■ **WORK INSTRUCTION**
Where a line below contains "powi", count it. Reply with the total only.

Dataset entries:

[Start of section]

(* Let $S\subset\Pi$. The assignments $s_{\alpha_i}(\eta,o)=(s_{\alpha_i}\eta,\ \eta(\alpha_i)^{r_i}o)$ for $\alpha_i\in S$ extend to a well-defined action of the group $W_S$ on the set $\mathbb D(S)\times\{\pm1\}$.
   Context: $\mathfrak g$ is a real split semisimple Lie algebra with simple roots $\Pi=\{\alpha_1,\dots,\alpha_l\}$, coroots $h_{\alpha_j}$, Cartan matrix $C_{i,j}=\alpha_i(h_{\alpha_j})$, Weyl group $W$. For $S\subset\Pi$, $W_S\subset W$ is the subgroup generated by the simple reflections $s_\alpha$, $\alpha\in S$; $\mathbb D(S)$ is the set of functions $\eta:S\to\{\pm1\}$ (colored Dynkin diagrams with colored set $S$). For $\alpha_i\in S$, $s_{\alpha_i}\eta\in\mathbb D(S)$ is defined by $(s_{\alpha_i}\eta)(\alpha_j)=\eta(\alpha_j)\eta(\alpha_i)^{-C_{j,i}}$ for $\alpha_j\in S$, and $r_i$ is the number of $\alpha_j\in\Pi\setminus S$ with $C_{j,i}$ odd. *)

theory Defs
  imports Complex_Main
begin

text \<open>Simple roots are indexed by a finite type 'i; C i j = alpha_i(h_alpha_j).\<close>

definition finite_type_cartan :: "('i::finite \<Rightarrow> 'i \<Rightarrow> int) \<Rightarrow> bool" where
  "finite_type_cartan C \<longleftrightarrow>
     (\<forall>i. C i i = 2) \<and>
     (\<forall>i j. i \<noteq> j \<longrightarrow> C i j \<le> 0) \<and>
     (\<forall>i j. C i j = 0 \<longleftrightarrow> C j i = 0) \<and>
     (\<exists>d :: 'i \<Rightarrow> real. (\<forall>i. d i > 0) \<and>
        (\<forall>i j. d i * of_int (C i j) = d j * of_int (C j i)) \<and>
        (\<forall>x :: 'i \<Rightarrow> real. x \<noteq> (\<lambda>_. 0) \<longrightarrow>
            (\<Sum>i\<in>UNIV. \<Sum>j\<in>UNIV. x i * d i * of_int (C i j) * x j) > 0))"

text \<open>Simple reflection s_alpha_i acting on the dual of the Cartan subalgebra, in coordinates
  w.r.t. the basis of simple roots: s_i(v) = v - v(h_i) alpha_i, where
  v(h_i) = sum_k v_k C k i.\<close>

definition simple_refl :: "('i::finite \<Rightarrow> 'i \<Rightarrow> int) \<Rightarrow> 'i \<Rightarrow> ('i \<Rightarrow> real) \<Rightarrow> ('i \<Rightarrow> real)" where
  "simple_refl C i v = (\<lambda>j. if j = i then v j - (\<Sum>k\<in>UNIV. v k * of_int (C k i)) else v j)"

inductive_set weyl_sub :: "('i::finite \<Rightarrow> 'i \<Rightarrow> int) \<Rightarrow> 'i set \<Rightarrow> (('i \<Rightarrow> real) \<Rightarrow> ('i \<Rightarrow> real)) set"
  for C S where
  weyl_id: "id \<in> weyl_sub C S"
| weyl_step: "w \<in> weyl_sub C S \<Longrightarrow> i \<in> S \<Longrightarrow> simple_refl C i \<circ> w \<in> weyl_sub C S"

text \<open>Colored Dynkin diagrams with colored set S: functions S -> {1,-1},
  extended by the value 1 outside S.\<close>

definition colored :: "'i set \<Rightarrow> ('i \<Rightarrow> real) set" where
  "colored S = {\<eta>. (\<forall>j\<in>S. \<eta> j = 1 \<or> \<eta> j = -1) \<and> (\<forall>j. j \<notin> S \<longrightarrow> \<eta> j = 1)}"

definition refl_col :: "('i \<Rightarrow> 'i \<Rightarrow> int) \<Rightarrow> 'i set \<Rightarrow> 'i \<Rightarrow> ('i \<Rightarrow> real) \<Rightarrow> ('i \<Rightarrow> real)" where
  "refl_col C S i \<eta> = (\<lambda>j. if j \<in> S then \<eta> j * (\<eta> i) powi (- C j i) else 1)"

definition r_num :: "('i::finite \<Rightarrow> 'i \<Rightarrow> int) \<Rightarrow> 'i set \<Rightarrow> 'i \<Rightarrow> nat" where
  "r_num C S i = card {j. j \<notin> S \<and> odd (C j i)}"

definition gen_act :: "('i::finite \<Rightarrow> 'i \<Rightarrow> int) \<Rightarrow> 'i set \<Rightarrow> 'i \<Rightarrow> ('i \<Rightarrow> real) \<times> real \<Rightarrow> ('i \<Rightarrow> real) \<times> real" where
  "gen_act C S i = (\<lambda>(\<eta>, \<epsilon>). (refl_col C S i \<eta>, (\<eta> i) ^ r_num C S i * \<epsilon>))"

end

theory Submission
  imports Defs
begin

text \<open>Read a sign vector \<open>\<eta>\<close> as the character \<open>\<alpha>\<^sub>k \<mapsto> \<eta> k\<close> of the root lattice. Each
  \<open>w \<in> W\<^sub>S\<close> acts on the root lattice by an integer matrix whose rows outside \<open>S\<close> are
  identity rows, since \<open>s\<^sub>i\<close> only changes the \<open>\<alpha>\<^sub>i\<close>-coordinate, and precomposition with
  \<open>w\<^sup>-\<^sup>1\<close> is an action of \<open>W\<^sub>S\<close> on all characters. A pair \<open>(\<eta>, \<epsilon>)\<close> remembers a character
  only through its values on \<open>S\<close> and the product of its values on the simple roots outside \<open>S\<close>.
  As \<open>w\<^sup>-\<^sup>1 \<alpha>\<^sub>j \<in> \<alpha>\<^sub>j + span S\<close> for \<open>j \<notin> S\<close>, this data is transported consistently, and for
  \<open>s\<^sub>i\<close> the product picks up \<open>\<eta>(\<alpha>\<^sub>i)\<close> to the power \<open>-\<Sum>\<^sub>j\<^sub>\<notin>\<^sub>S C\<^sub>j\<^sub>,\<^sub>i \<equiv> r\<^sub>i (mod 2)\<close>.\<close>

lemma power_int_sum:
  fixes x :: "'a::field"
  assumes "x \<noteq> 0" "finite A"
  shows "x powi (\<Sum>a\<in>A. f a) = (\<Prod>a\<in>A. x powi f a)"
  using assms(2) by (induction A rule: finite_induct) (auto simp: power_int_add assms(1))

lemma prod_power_int:
  fixes f :: "'b \<Rightarrow> 'a::field"
  shows "(\<Prod>a\<in>A. f a) powi n = (\<Prod>a\<in>A. f a powi n)"
  by (induction A rule: infinite_finite_induct) (auto simp: power_int_mult_distrib)

lemma sign_power_int:
  fixes y :: "'a::division_ring"
  assumes "y = 1 \<or> y = -1"
  shows "y powi n = (if even n then 1 else y)"
  using assms by (auto simp: power_int_minus_left)

definition unit_vec :: "'i \<Rightarrow> 'i \<Rightarrow> real" where
  "unit_vec k = (\<lambda>j. if j = k then 1 else 0)"

definition mat_one :: "'i \<Rightarrow> 'i \<Rightarrow> int" where
  "mat_one = (\<lambda>j k. if j = k then 1 else 0)"

definition mat_mult :: "('i::finite \<Rightarrow> 'i \<Rightarrow> int) \<Rightarrow> ('i \<Rightarrow> 'i \<Rightarrow> int) \<Rightarrow> 'i \<Rightarrow> 'i \<Rightarrow> int" where
  "mat_mult M N = (\<lambda>j l. \<Sum>k\<in>UNIV. M j k * N k l)"

definition mat_map :: "('i::finite \<Rightarrow> 'i \<Rightarrow> int) \<Rightarrow> ('i \<Rightarrow> real) \<Rightarrow> 'i \<Rightarrow> real" where
  "mat_map M v = (\<lambda>j. \<Sum>k\<in>UNIV. of_int (M j k) * v k)"

text \<open>The floor only moves the entries to \<open>int\<close>; it is exact on maps of the form \<open>mat_map M\<close>.\<close>

definition matrix_of :: "(('i \<Rightarrow> real) \<Rightarrow> 'i \<Rightarrow> real) \<Rightarrow> 'i \<Rightarrow> 'i \<Rightarrow> int" where
  "matrix_of u = (\<lambda>j k. \<lfloor>u (unit_vec k) j\<rfloor>)"

definition id_rows_outside :: "'i set \<Rightarrow> ('i \<Rightarrow> 'i \<Rightarrow> int) \<Rightarrow> bool" where
  "id_rows_outside S M \<longleftrightarrow> (\<forall>j. j \<notin> S \<longrightarrow> M j = mat_one j)"

definition refl_mat :: "('i \<Rightarrow> 'i \<Rightarrow> int) \<Rightarrow> 'i \<Rightarrow> 'i \<Rightarrow> 'i \<Rightarrow> int" where
  "refl_mat C i = (\<lambda>j k. mat_one j k - (if j = i then C k i else 0))"

lemma mat_map_unit_vec: "mat_map M (unit_vec k) j = of_int (M j k)"
  by (simp add: mat_map_def unit_vec_def if_distrib[of "\<lambda>x. _ * x"] cong: if_cong)

lemma matrix_of_mat_map: "matrix_of (mat_map M) = M"
  by (simp add: matrix_of_def mat_map_unit_vec)

lemma mat_map_mat_one: "mat_map mat_one = id"
  by (simp add: mat_map_def mat_one_def fun_eq_iff if_distrib[of "\<lambda>x. of_int x * _"] cong: if_cong)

[End of section]

■ **WORKED SOLUTION**
4